In the recently published Bright v. 99¢ Only Stores, the California Court of Appeal held that an employee could sue her employer, 99¢ Only Stores, for failure to provide “suitable” seating during her employment. Plaintiff Eugina Bright (“Bright”) was employed as a cashier by 99¢ Only Stores. She alleged that she was not provided with a seat when she worked. Bright asserted that the failure to provide her with a seat violated the applicable Industrial Welfare Commission (“IWC”) Wage Order, which requires that “[a]ll working employees shall be provided with suitable seats when the nature of the work reasonably permits the use of seats.” Bright further asserted that the violation of the “suitable” seating provision of the Wage Order also constituted a violation of Labor Code Section 1198, which provides: “The maximum hours of work and the standard conditions of labor fixed by the [Industrial Welfare Commission] shall be the maximum hours of work and the standard conditions of labor for employees.

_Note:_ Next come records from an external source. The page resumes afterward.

lemma ex_double_star_decomp:
  assumes "finite X" "X \<subseteq> sources V A" "X \<inter> (P \<union> Q) = {}"
    and "\<forall>x\<in>X. reach A x - {x} \<subseteq> reachB A P \<or> reach A x - {x} \<subseteq> reachB A Q"
  shows "\<exists>N TE bag. is_tree N TE \<and> dtd_path_condition A N TE bag \<and>
    (\<exists>t\<in>N. bag t = P) \<and> (\<exists>t\<in>N. bag t = Q) \<and>
    bag ` N \<subseteq> {P, Q} \<union> (\<lambda>x. {x}) ` X \<and> X \<subseteq> \<Union>(bag ` N)"
  using assms
proof (induction X rule: finite_induct)
  case empty
  let ?bag = "(\<lambda>_. P)(1 := Q)"
  have "is_tree (insert 1 {0}) (insert {1, 0} {})"
    by (rule is_tree_insert_leaf[OF is_tree_singleton]) simp_all
  moreover have "dtd_path_condition A (insert 1 {0}) (insert {1, 0} {}) ?bag"
    by (rule dtd_path_condition_insert_leaf[OF is_tree_singleton _ _ dtd_path_condition_singleton])
      auto
  ultimately show ?case
    by (intro exI[of _ "insert 1 {0}"] exI[of _ "insert {1, 0} {}"] exI[of _ ?bag] conjI)
      (assumption+, auto)
next
  case (insert x X)
  have X: "X \<subseteq> sources V A" "X \<inter> (P \<union> Q) = {}"
    "\<forall>y\<in>X. reach A y - {y} \<subseteq> reachB A P \<or> reach A y - {y} \<subseteq> reachB A Q"
    using insert.prems by auto
  from insert.IH[OF X]
  obtain N TE bag where t: "is_tree N TE" and pc: "dtd_path_condition A N TE bag"
    and P: "\<exists>t\<in>N. bag t = P" and Q: "\<exists>t\<in>N. bag t = Q"
    and bags: "bag ` N \<subseteq> {P, Q} \<union> (\<lambda>x. {x}) ` X" and covers: "X \<subseteq> \<Union>(bag ` N)"
    by (elim exE conjE)
  have "finite N" using t by (simp add: is_tree_def)
  then obtain m where m: "m \<notin> N"
    using ex_new_if_finite[OF infinite_UNIV_nat] by blast
  obtain tP tQ where "tP \<in> N" "bag tP = P" "tQ \<in> N" "bag tQ = Q"
    using P Q by blast
  with insert.prems(3) obtain a where a: "a \<in> N" and dominated: "reach A x - {x} \<subseteq> reachB A (bag a)"
    by auto
  have x: "x \<in> sources V A" "x \<notin> bag t" if "t \<in> N" for t
    using insert.hyps(2) insert.prems(1,2) bags that by auto
  have leaf: "reachB A {x} \<inter> reachB A (bag t) \<subseteq> reachB A (bag a)" if "t \<in> N" for t
    using reachB_source_leaf[OF x[OF that] dominated] .
  have "is_tree (insert m N) (insert {m, a} TE)"
    using is_tree_insert_leaf[OF t m a] .
  moreover have "dtd_path_condition A (insert m N) (insert {m, a} TE) (bag(m := {x}))"
    using dtd_path_condition_insert_leaf[OF t m a pc leaf] .
  moreover have "\<exists>t\<in>insert m N. (bag(m := {x})) t = P" "\<exists>t\<in>insert m N. (bag(m := {x})) t = Q"
    using P Q m by (metis fun_upd_other insertCI)+
  moreover have "(bag(m := {x})) ` insert m N \<subseteq> {P, Q} \<union> (\<lambda>x. {x}) ` insert x X"
    using bags m by auto
  moreover have "insert x X \<subseteq> \<Union>((bag(m := {x})) ` insert m N)"
    using covers m by auto
  ultimately show ?case
    by (intro exI[of _ "insert m N"] exI[of _ "insert {m, a} TE"] exI[of _ "bag(m := {x})"] conjI)
      assumption+
qed

lemma dtw_dag_le_td_width: "dag_tree_decomp V A N TE bag \<Longrightarrow> dtw_dag V A \<le> td_width N bag"
  unfolding dtw_dag_def by (rule cInf_lower) auto

lemma dtw_dag_le_if_dominating_bags:
  assumes "finite (sources V A)" "P \<subseteq> sources V A" "Q \<subseteq> sources V A" "card P \<le> w" "card Q \<le> w"
    and dominated: "\<And>s. s \<in> sources V A - (P \<union> Q) \<Longrightarrow>
      reach A s - {s} \<subseteq> reachB A P \<or> reach A s - {s} \<subseteq> reachB A Q"
    and w: "sources V A - (P \<union> Q) \<noteq> {} \<Longrightarrow> 1 \<le> w"
  shows "dtw_dag V A \<le> w"
proof -
  let ?X = "sources V A - (P \<union> Q)"
  have X: "finite ?X" "?X \<subseteq> sources V A" "?X \<inter> (P \<union> Q) = {}"
    "\<forall>s\<in>?X. reach A s - {s} \<subseteq> reachB A P \<or> reach A s - {s} \<subseteq> reachB A Q"
    using assms(1) dominated by auto
  obtain N TE bag where t: "is_tree N TE" and pc: "dtd_path_condition A N TE bag"
    and P: "\<exists>t\<in>N. bag t = P" and Q: "\<exists>t\<in>N. bag t = Q"
    and bags: "bag ` N \<subseteq> {P, Q} \<union> (\<lambda>x. {x}) ` ?X" and covers: "?X \<subseteq> \<Union>(bag ` N)"
    using ex_double_star_decomp[OF X] by (elim exE conjE)
  have "finite N" "N \<noteq> {}" using t by (simp_all add: is_tree_def)
  have "\<forall>t\<in>N. bag t \<subseteq> sources V A"
    using bags assms(2,3) by auto
  moreover have "\<forall>s\<in>sources V A. \<exists>t\<in>N. s \<in> bag t"
  proof
    fix s assume "s \<in> sources V A"
    then consider "s \<in> P" | "s \<in> Q" | "s \<in> ?X" by blast
    then show "\<exists>t\<in>N. s \<in> bag t"
      by cases (use P Q covers in auto)
  qed
  ultimately have "dag_tree_decomp V A N TE bag"
    using t pc unfolding dag_tree_decomp_def dtd_path_condition_def by (intro conjI) assumption+
  moreover have "card (bag t) \<le> w" if "t \<in> N" for t
  proof -
    have "bag t \<in> {P, Q} \<union> (\<lambda>x. {x}) ` ?X"
      using bags that by (rule subsetD[OF _ imageI])
    then consider "bag t = P" | "bag t = Q" | x where "x \<in> ?X" "bag t = {x}"
      by auto
    then show ?thesis
      by cases (use assms(4,5) w in auto)
  qed
  then have "td_width N bag \<le> w"
    unfolding td_width_def using \<open>finite N\<close> \<open>N \<noteq> {}\<close> by simp
  ultimately show ?thesis
    using dtw_dag_le_td_width order_trans by blast
qed

section \<open>Disjoint families and halving\<close>

lemma ex_maximal_pairwise_disjnt_subset:
  assumes "finite \<F>"
  shows "\<exists>M\<subseteq>\<F>. pairwise disjnt M \<and> (\<forall>e\<in>\<F> - M. \<exists>e'\<in>M. \<not> disjnt e e')"
  using assms
proof (induction \<F> rule: finite_induct)
  case (insert e \<F>)
  then obtain M where M: "M \<subseteq> \<F>" "pairwise disjnt M" "\<forall>f\<in>\<F> - M. \<exists>e'\<in>M. \<not> disjnt f e'"
    by blast
  show ?case
  proof (cases "\<exists>e'\<in>M. \<not> disjnt e e'")
    case True
    with M show ?thesis by (intro exI[of _ M]) auto
  next
    case False
    with M show ?thesis
      by (intro exI[of _ "insert e M"]) (auto simp: pairwise_insert disjnt_sym)
  qed
qed simp

lemma card_Union_pairwise_disjnt_doubletons:
  assumes "pairwise disjnt M" "\<And>e. e \<in> M \<Longrightarrow> card e = 2"
  shows "card (\<Union>M) = 2 * card M"
proof -
  have "card (\<Union>M) = sum card M"
    using assms by (intro card_Union_disjoint) (auto intro: card_ge_0_finite)
  also have "\<dots> = 2 * card M"
    using assms(2) by simp
  finally show ?thesis .
qed

lemma ex_subset_halves:
  assumes "finite X"
  shows "\<exists>Y\<subseteq>X. card Y \<le> (card X + 1) div 2 \<and> card (X - Y) \<le> (card X + 1) div 2"
proof -
  obtain Y where "Y \<subseteq> X" "card Y = card X div 2"
    using obtain_subset_with_card_n[of "card X div 2" X] by auto
  moreover have "card (X - Y) = card X - card X div 2"
    using calculation assms by (simp add: card_Diff_subset finite_subset)
  ultimately show ?thesis by (intro exI[of _ Y]) auto
qed

lemma nat_ceiling_half: "nat \<lceil>real n / 2\<rceil> = (n + 1) div 2"
proof -
  have "\<lceil>real n / 2\<rceil> = int ((n + 1) div 2)"
  proof (rule ceiling_unique)
    show "real_of_int (int ((n + 1) div 2)) - 1 < real n / 2"
      "real n / 2 \<le> real_of_int (int ((n + 1) div 2))"
      by (cases "even n"; auto elim!: evenE oddE simp: field_simps)+
  qed
  then show ?thesis by simp
qed

section \<open>Acyclic orientations of subdivided graphs\<close>

lemma fst_subdivide: "fst (subdivide V E F) = Inl ` V \<union> Inr ` F"
  by (simp add: subdivide_def)

lemma snd_subdivide: "snd (subdivide V E F) =
    {{Inl u, Inl v} | u v. {u, v} \<in> E - F} \<union> {{Inl u, Inr e} | u e. e \<in> F \<and> u \<in> e}"
  by (simp add: subdivide_def)

locale subdivision_orientation =
  fixes V :: "'a set" and E F :: "'a set set" and A :: "(('a + 'a set) \<times> ('a + 'a set)) set"
  assumes simple: "simple_graph V E" and F_subset: "F \<subseteq> E"
    and orientation: "acyclic_orientation (fst (subdivide V E F)) (snd (subdivide V E F)) A"
begin

abbreviation S :: "('a + 'a set) set" where
  "S \<equiv> sources (fst (subdivide V E F)) A"

lemma finite_V: "finite V"
  using simple by (simp add: simple_graph_def)

lemma edge_doubleton: "e \<in> E \<Longrightarrow> \<exists>u v. u \<in> V \<and> v \<in> V \<and> u \<noteq> v \<and> e = {u, v}"
  using simple by (simp add: simple_graph_def)

lemma finite_F: "finite F"
proof -
  have "F \<subseteq> Pow V" using F_subset edge_doubleton by blast
  then show ?thesis using finite_V finite_subset by blast
qed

The employment of any employee for longer hours than those fixed by the order or under conditions of labor prohibited by the order is unlawful.” Bright sought penalties for the alleged violation of Labor Code Section 1198 under the Private Attorneys General Act of 2004 (“PAGA”), which provides a penalty for the violation of any section of the Labor Code for which a civil penalty is not otherwise provided.

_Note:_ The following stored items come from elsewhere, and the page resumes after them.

lemma U_set_noise_second_moment:
  assumes "M \<in> U_set bstar s2" "0 \<le> s2"
  shows "integrable M (\<lambda>z. (snd z - bstar \<bullet> fst z)\<^sup>2) \<and> (\<integral>z. (snd z - bstar \<bullet> fst z)\<^sup>2 \<partial>M) \<le> s2"
proof -
  from assms(1) have "prob_space M" and sets: "sets M = sets borel"
    and cond_var: "AE z in M. nn_cond_exp M (sigma_xS (supp bstar) M)
                     (\<lambda>z. ennreal ((snd z - bstar \<bullet> fst z)\<^sup>2)) z \<le> ennreal s2"
    unfolding U_set_eq by auto
  then interpret prob_space M
    by simp
  interpret finite_measure_subalgebra M "sigma_xS (supp bstar) M"
    by unfold_locales (rule subalgebra_sigma_xS[OF sets])
  have [measurable]: "(\<lambda>z. (snd z - bstar \<bullet> fst z)\<^sup>2) \<in> borel_measurable M"
    using sets by (rule borel_measurable_continuous_sets_borel) (intro continuous_intros)
  have "(\<integral>\<^sup>+ z. ennreal ((snd z - bstar \<bullet> fst z)\<^sup>2) \<partial>M) \<le> ennreal s2"
    using nn_integral_le_of_nn_cond_exp_le[OF _ cond_var] by (simp add: emeasure_space_1)
  then show ?thesis
    using assms(2) by (intro integral_le_of_nn_integral_le) auto
qed

lemma U_set_covariate_second_moment:
  fixes bstar :: "real^'p" and s2 :: real
  assumes "M \<in> U_set bstar s2" "0 \<le> s2"
  shows "integrable M (\<lambda>z. (norm (fst z))\<^sup>2) \<and> (\<integral>z. (norm (fst z))\<^sup>2 \<partial>M) \<le> CARD('p) * s2"
proof -
  from assms(1) have sets: "sets M = sets borel"
    and moment: "\<And>j. (\<integral>\<^sup>+ z. ennreal ((fst z $ j)\<^sup>2) \<partial>M) \<le> ennreal s2"
    unfolding U_set_eq by auto
  have "integrable M (\<lambda>z. (fst z $ j)\<^sup>2) \<and> (\<integral>z. (fst z $ j)\<^sup>2 \<partial>M) \<le> s2" for j
    using assms(2) moment[of j]
    by (intro integral_le_of_nn_integral_le borel_measurable_continuous_sets_borel[OF sets])
       (auto intro!: continuous_intros)
  then show ?thesis
    unfolding norm_sq_eq_sum_components
    by (auto simp: Bochner_Integration.integral_sum intro!: sum_bounded_above)
qed

lemma U_set_noise_orthogonal:
  fixes bstar a :: "real^'p"
  assumes "M \<in> U_set bstar s2" "0 \<le> s2"
  defines "e \<equiv> \<lambda>z. snd z - bstar \<bullet> fst z" and "u \<equiv> \<lambda>z. a \<bullet> proj (supp bstar) (fst z)"
  shows "integrable M (\<lambda>z. e z * u z) \<and> (\<integral>z. e z * u z \<partial>M) = 0"
proof -
  from assms(1) have "prob_space M" and sets: "sets M = sets borel" and "integrable M snd"
    and cond_exp: "AE z in M. real_cond_exp M (sigma_xS (supp bstar) M) snd z = bstar \<bullet> fst z"
    unfolding U_set_eq by auto
  then interpret prob_space M
    by simp
  interpret finite_measure_subalgebra M "sigma_xS (supp bstar) M"
    by unfold_locales (rule subalgebra_sigma_xS[OF sets])
  have mble: "continuous_on UNIV f \<Longrightarrow> f \<in> borel_measurable M" for f :: "_ \<Rightarrow> real"
    using sets by (rule borel_measurable_continuous_sets_borel)
  have [measurable]: "e \<in> borel_measurable M" "u \<in> borel_measurable M" "snd \<in> borel_measurable M"
    "(\<lambda>z. bstar \<bullet> fst z) \<in> borel_measurable M"
    unfolding e_def u_def by (auto intro!: mble continuous_intros)
  have u_F: "u \<in> borel_measurable (sigma_xS (supp bstar) M)"
    unfolding u_def by (rule borel_measurable_sigma_xS) (intro continuous_intros)
  have u_sq_le: "(u z)\<^sup>2 \<le> (norm a)\<^sup>2 * (norm (fst z))\<^sup>2" for z
  proof -
    have "(u z)\<^sup>2 \<le> (norm a)\<^sup>2 * (norm (proj (supp bstar) (fst z)))\<^sup>2"
      unfolding u_def by (rule inner_sq_le_norm_sq)
    also have "\<dots> \<le> (norm a)\<^sup>2 * (norm (fst z))\<^sup>2"
      by (intro mult_left_mono power_mono norm_proj_le) simp_all
    finally show ?thesis .
  qed
  have v_sq_le: "(bstar \<bullet> fst z)\<^sup>2 \<le> (norm bstar)\<^sup>2 * (norm (fst z))\<^sup>2" for z
    by (rule inner_sq_le_norm_sq)
  have N: "integrable M (\<lambda>z. (norm (fst z))\<^sup>2)"
    using U_set_covariate_second_moment[OF assms(1,2)] by simp
  have E: "integrable M (\<lambda>z. (e z)\<^sup>2)"
    using U_set_noise_second_moment[OF assms(1,2)] by (simp add: e_def)
  have int_ue: "integrable M (\<lambda>z. u z * e z)"
  proof (rule Bochner_Integration.integrable_bound)
    show "integrable M (\<lambda>z. (norm a)\<^sup>2 * (norm (fst z))\<^sup>2 + (e z)\<^sup>2)"
      using N E by simp
    have "\<bar>u z * e z\<bar> \<le> (norm a)\<^sup>2 * (norm (fst z))\<^sup>2 + (e z)\<^sup>2" for z
      using abs_mult_le_sum_squares[of "u z" "e z"] u_sq_le[of z] by linarith
    then show "AE z in M. norm (u z * e z) \<le> norm ((norm a)\<^sup>2 * (norm (fst z))\<^sup>2 + (e z)\<^sup>2)"
      by (intro AE_I2) force
  qed measurable
  have int_uv: "integrable M (\<lambda>z. u z * (bstar \<bullet> fst z))"
  proof (rule Bochner_Integration.integrable_bound)
    show "integrable M (\<lambda>z. ((norm a)\<^sup>2 + (norm bstar)\<^sup>2) * (norm (fst z))\<^sup>2)"
      using N by simp
    have "\<bar>u z * (bstar \<bullet> fst z)\<bar> \<le> ((norm a)\<^sup>2 + (norm bstar)\<^sup>2) * (norm (fst z))\<^sup>2" for z
      using abs_mult_le_sum_squares[of "u z" "bstar \<bullet> fst z"] u_sq_le[of z] v_sq_le[of z]
      unfolding distrib_right by linarith
    then show "AE z in M. norm (u z * (bstar \<bullet> fst z))
                 \<le> norm (((norm a)\<^sup>2 + (norm bstar)\<^sup>2) * (norm (fst z))\<^sup>2)"
      by (intro AE_I2) force
  qed measurable
  have int_us: "integrable M (\<lambda>z. u z * snd z)"
    using Bochner_Integration.integrable_add[OF int_ue int_uv] by (simp add: e_def algebra_simps)
  have "(\<integral>z. u z * snd z \<partial>M) = (\<integral>z. u z * (bstar \<bullet> fst z) \<partial>M)"
    by (rule integral_mult_real_cond_exp_AE_eq[OF int_us u_F _ _ cond_exp]) auto
  then have "(\<integral>z. u z * e z \<partial>M) = 0"
    using int_us int_uv by (simp add: e_def right_diff_distrib)
  with int_ue show ?thesis
    by (simp add: mult.commute)
qed

lemma U_set_risk_le:
  fixes bstar b :: "real^'p" and s2 :: real
  assumes "M \<in> U_set bstar s2" "0 \<le> s2"
  shows "(\<integral>\<^sup>+ z. ennreal ((snd z - b \<bullet> fst z)\<^sup>2) \<partial>M) \<le>
    ennreal (s2 + (s2 * (real CARD('p))\<^sup>2 * (norm (b - bstar))\<^sup>2
                  + 2 * s2 * real CARD('p) * norm (proj (- supp bstar) b)))"
proof -
  define p where "p = real CARD('p)"
  define c where "c = norm (proj (- supp bstar) b)"
  define e where "e z = snd z - bstar \<bullet> fst z" for z :: "(real^'p) \<times> real"
  define N where "N z = (norm (fst z))\<^sup>2" for z :: "(real^'p) \<times> real"
  define f where "f z = (e z)\<^sup>2 + 2 * (e z * ((bstar - b) \<bullet> proj (supp bstar) (fst z)))
                        + c * ((e z)\<^sup>2 + N z) + (norm (b - bstar))\<^sup>2 * N z" for z
  have E: "integrable M (\<lambda>z. (e z)\<^sup>2)" "(\<integral>z. (e z)\<^sup>2 \<partial>M) \<le> s2"
    using U_set_noise_second_moment[OF assms] unfolding e_def by auto
  have X: "integrable M N" "(\<integral>z. N z \<partial>M) \<le> p * s2"
    using U_set_covariate_second_moment[OF assms] unfolding N_def p_def by auto
  have cross: "integrable M (\<lambda>z. e z * ((bstar - b) \<bullet> proj (supp bstar) (fst z)))"
    "(\<integral>z. e z * ((bstar - b) \<bullet> proj (supp bstar) (fst z)) \<partial>M) = 0"
    using U_set_noise_orthogonal[OF assms, of "bstar - b"] unfolding e_def by auto
  have residual_le: "(snd z - b \<bullet> fst z)\<^sup>2 \<le> f z" for z
    using sq_residual_le[of "e z" bstar b "fst z"]
    by (simp add: e_def f_def c_def N_def norm_minus_commute inner_diff_left)
  have int_f: "integrable M f"
    unfolding f_def using E(1) X(1) cross(1) by simp
  have "(\<integral>z. f z \<partial>M) = (\<integral>z. (e z)\<^sup>2 \<partial>M) + c * ((\<integral>z. (e z)\<^sup>2 \<partial>M) + (\<integral>z. N z \<partial>M))
                          + (norm (b - bstar))\<^sup>2 * (\<integral>z. N z \<partial>M)"
    unfolding f_def using E(1) X(1) cross by simp
  also have "\<dots> \<le> s2 + c * (s2 + p * s2) + (norm (b - bstar))\<^sup>2 * (p * s2)"
    using E(2) X(2) by (intro add_mono mult_left_mono) (auto simp: c_def)
  also have "\<dots> \<le> s2 + (s2 * p\<^sup>2 * (norm (b - bstar))\<^sup>2 + 2 * s2 * p * c)"
  proof -
    have "1 \<le> p"
      by (simp add: p_def Suc_leI)
    then have "s2 \<le> p * s2"
      using mult_right_mono[of 1 p s2] assms(2) by simp
    then have "c * s2 \<le> c * (p * s2)" "p * s2 \<le> p * p * s2"
      using \<open>1 \<le> p\<close> by (auto simp: c_def mult.assoc intro!: mult_left_mono)
    from mult_left_mono[OF this(2), of "(norm (b - bstar))\<^sup>2"] this(1) show ?thesis
      by (simp add: algebra_simps power2_eq_square)
  qed
  finally have "(\<integral>z. f z \<partial>M) \<le> s2 + (s2 * p\<^sup>2 * (norm (b - bstar))\<^sup>2 + 2 * s2 * p * c)" .
  moreover have "(\<integral>\<^sup>+ z. ennreal ((snd z - b \<bullet> fst z)\<^sup>2) \<partial>M) \<le> ennreal (\<integral>z. f z \<partial>M)"
  proof -
    have "0 \<le> f z" for z
      using residual_le[of z] by (meson order.trans zero_le_power2)
    then have "(\<integral>\<^sup>+ z. ennreal (f z) \<partial>M) = ennreal (\<integral>z. f z \<partial>M)"
      by (intro nn_integral_eq_integral int_f) auto
    moreover have "(\<integral>\<^sup>+ z. ennreal ((snd z - b \<bullet> fst z)\<^sup>2) \<partial>M) \<le> (\<integral>\<^sup>+ z. ennreal (f z) \<partial>M)"
      using residual_le by (intro nn_integral_mono ennreal_leI)
    ultimately show ?thesis
      by simp
  qed
  ultimately show ?thesis
    unfolding p_def c_def by (meson ennreal_leI order.trans)
qed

The Company argued that Bright had no viable claim because Labor Code Section 1198 only applies to those portions of the Wage Order that actually prohibit conduct (e.g. “an employer shall not…”) and not to sections of the Wage Order that set conditions of employment in affirmative terms; that the Wage Order’s “suitable” seating requirement was an affirmative requirement and not a prohibition; and that a failure to provide suitable seating therefore did not violate Labor Code Section 1198.

The Court of Appeal rejected the Company’s arguments, holding that Labor Code Section 1198 applied the Wage Order’s requirements regardless of whether they were stated in prohibitory language. The Court of Appeal found that a failure to provide “suitable” seating could constitute a violation of both the Wage Order and Labor Code Section 1198, and held that Plaintiff could seek penalties under PAGA.

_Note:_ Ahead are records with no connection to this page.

lemma closed_walk_weight:
  assumes "n \<ge> 1"
  shows "(\<Sum>ws\<in>walks n e e. exp (- path_length (butlast (e # ws))))
           = (\<Sum>\<gamma>\<in>{\<gamma>. based_circuit org tau bar \<gamma> \<and> length \<gamma> = n \<and> hd \<gamma> = e}. exp (- path_length \<gamma>))"
proof (rule sum.reindex_bij_witness[where i = "\<lambda>\<gamma>. tl \<gamma> @ [e]" and j = "\<lambda>ws. e # butlast ws"])
  fix \<gamma> assume "\<gamma> \<in> {\<gamma>. based_circuit org tau bar \<gamma> \<and> length \<gamma> = n \<and> hd \<gamma> = e}"
  hence "successively edge_succ (\<gamma> @ [e])" "length \<gamma> = n" "\<gamma> \<noteq> []" "hd \<gamma> = e"
    unfolding based_circuit_iff by auto
  then obtain \<gamma>' where \<gamma>: "\<gamma> = e # \<gamma>'" "successively edge_succ (e # \<gamma>' @ [e])" "length \<gamma>' + 1 = n"
    by (cases \<gamma>) auto
  show "e # butlast (tl \<gamma> @ [e]) = \<gamma>" using \<gamma>(1) by simp
  show "tl \<gamma> @ [e] \<in> walks n e e" using \<gamma> unfolding walks_def by simp
next
  fix ws assume "ws \<in> walks n e e"
  hence ws: "length ws = n" "successively edge_succ (e # ws)" "last (e # ws) = e" unfolding walks_def by auto
  then obtain ws' where ws': "ws = ws' @ [e]" using assms by (cases ws rule: rev_cases) auto
  show "tl (e # butlast ws) @ [e] = ws" using ws' by simp
  show "e # butlast ws \<in> {\<gamma>. based_circuit org tau bar \<gamma> \<and> length \<gamma> = n \<and> hd \<gamma> = e}"
    unfolding based_circuit_iff using ws ws' by auto
  show "exp (- path_length (e # butlast ws)) = exp (- path_length (butlast (e # ws)))"
    using ws' by simp
qed

lemma trace_matrix_pow:
  assumes "n \<ge> 1"
  shows "trace (matrix_pow (trans_matrix org tau bar l) n)
           = (\<Sum>\<gamma>\<in>{\<gamma>. based_circuit org tau bar \<gamma> \<and> length \<gamma> = n}. exp (- path_length \<gamma>))"
proof -
  define C where "C = {\<gamma>. based_circuit org tau bar \<gamma> \<and> length \<gamma> = n}"
  have "finite C" unfolding C_def by (rule finite_subset[OF _ finite_circuits_length_le[of n]]) auto
  moreover have "{\<gamma>. based_circuit org tau bar \<gamma> \<and> length \<gamma> = n \<and> hd \<gamma> = e} = {\<gamma>\<in>C. hd \<gamma> = e}" for e
    unfolding C_def by auto
  ultimately show ?thesis
    unfolding trace_def matrix_pow_trans_matrix closed_walk_weight[OF assms] C_def[symmetric]
    by (simp add: sum.group)
qed

lemma trace_partial_sum:
  "(\<Sum>k\<in>{1..n}. trace (matrix_pow (trans_matrix org tau bar l) k))
     = (\<Sum>\<gamma>\<in>{\<gamma>. based_circuit org tau bar \<gamma> \<and> length \<gamma> \<le> n}. exp (- path_length \<gamma>))"
proof -
  have "(\<Sum>k\<in>{1..n}. trace (matrix_pow (trans_matrix org tau bar l) k))
      = (\<Sum>k\<in>{1..n}. \<Sum>\<gamma>\<in>{\<gamma>\<in>{\<gamma>. based_circuit org tau bar \<gamma> \<and> length \<gamma> \<le> n}. length \<gamma> = k}. exp (- path_length \<gamma>))"
    by (intro sum.cong refl) (auto simp: trace_matrix_pow intro!: sum.cong)
  also have "\<dots> = (\<Sum>\<gamma>\<in>{\<gamma>. based_circuit org tau bar \<gamma> \<and> length \<gamma> \<le> n}. exp (- path_length \<gamma>))"
    by (rule sum.group[OF finite_circuits_length_le]) (simp, auto simp: based_circuit_iff Suc_le_eq)
  finally show ?thesis .
qed

lemma circuit_count_mono: "t \<le> t' \<Longrightarrow> circuit_count org tau bar l t \<le> circuit_count org tau bar l t'"
  unfolding circuit_count_def
  using finite_bounded_length[of "based_circuit org tau bar" t'] unfolding path_length_def
  by (intro card_mono) auto

lemma circuit_count_exp_bound:
  assumes "entropy org tau bar l < 1"
  obtains s C where "s < 1" "C \<ge> 0" "\<And>t. t \<ge> 0 \<Longrightarrow> real (circuit_count org tau bar l t) \<le> C * exp (s * t)"
proof -
  obtain s where s: "max (entropy org tau bar l) 0 < s" "s < 1"
    using dense[of "max (entropy org tau bar l) 0" 1] assms by auto
  have "eventually (\<lambda>t. ln (real (circuit_count org tau bar l t)) / t < s \<and> t > 0) at_top"
    using order_tendstoD(2)[OF entropy_tendsto] s(1) eventually_gt_at_top[of 0]
    by (auto intro: eventually_conj)
  then obtain T where T: "\<And>t. t \<ge> T \<Longrightarrow> ln (real (circuit_count org tau bar l t)) / t < s \<and> t > 0"
    unfolding eventually_at_top_linorder by blast
  define C where "C = max 1 (real (circuit_count org tau bar l T))"
  have C_le: "C \<le> C * exp (s * t)" if "t \<ge> 0" for t
  proof -
    have "1 \<le> exp (s * t)" using s that by simp
    thus ?thesis using mult_left_mono[of 1 "exp (s * t)" C] unfolding C_def by simp
  qed
  have "real (circuit_count org tau bar l t) \<le> C * exp (s * t)" if "t \<ge> 0" for t
  proof (cases "t \<ge> T")
    case True
    have "real (circuit_count org tau bar l t) \<le> exp (s * t)"
    proof (cases "circuit_count org tau bar l t = 0")
      case False
      hence "ln (real (circuit_count org tau bar l t)) < s * t"
        using T[OF True] by (simp add: divide_less_eq mult.commute)
      have "real (circuit_count org tau bar l t) = exp (ln (real (circuit_count org tau bar l t)))"
        using False by simp
      also have "\<dots> \<le> exp (s * t)" using \<open>ln _ < s * t\<close> by simp
      finally show ?thesis .
    qed simp
    also have "\<dots> \<le> C * exp (s * t)" unfolding C_def by simp
    finally show ?thesis .
  next
    case False
    have "real (circuit_count org tau bar l t) \<le> C" unfolding C_def using False circuit_count_mono[of t T] by simp
    also have "\<dots> \<le> C * exp (s * t)" using C_le[OF that] .
    finally show ?thesis .
  qed
  moreover have "C \<ge> 0" unfolding C_def by simp
  ultimately show ?thesis using that s(2) by blast
qed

It is important to note that Bright only addressed the legal ability of an employee to seek PAGA penalties for an employer’s failure to provide “suitable” seating. Bright did not decide whether the Company provided “suitable” seating or violated any law. Additionally, Bright did not address what constitutes “suitable” seating, what standard should be applied to determine what is “suitable,” or what type of work would not reasonably permit the use of seats.

In light of Bright, employers are encouraged to review their seating policies to ensure they provide employees with suitable seating in appropriate circumstances, and should consult counsel with any questions. Moreover, Bright serves as a reminder that it is generally advisable for employers to review all of their policies with counsel to ensure that they comply with all aspects of the law.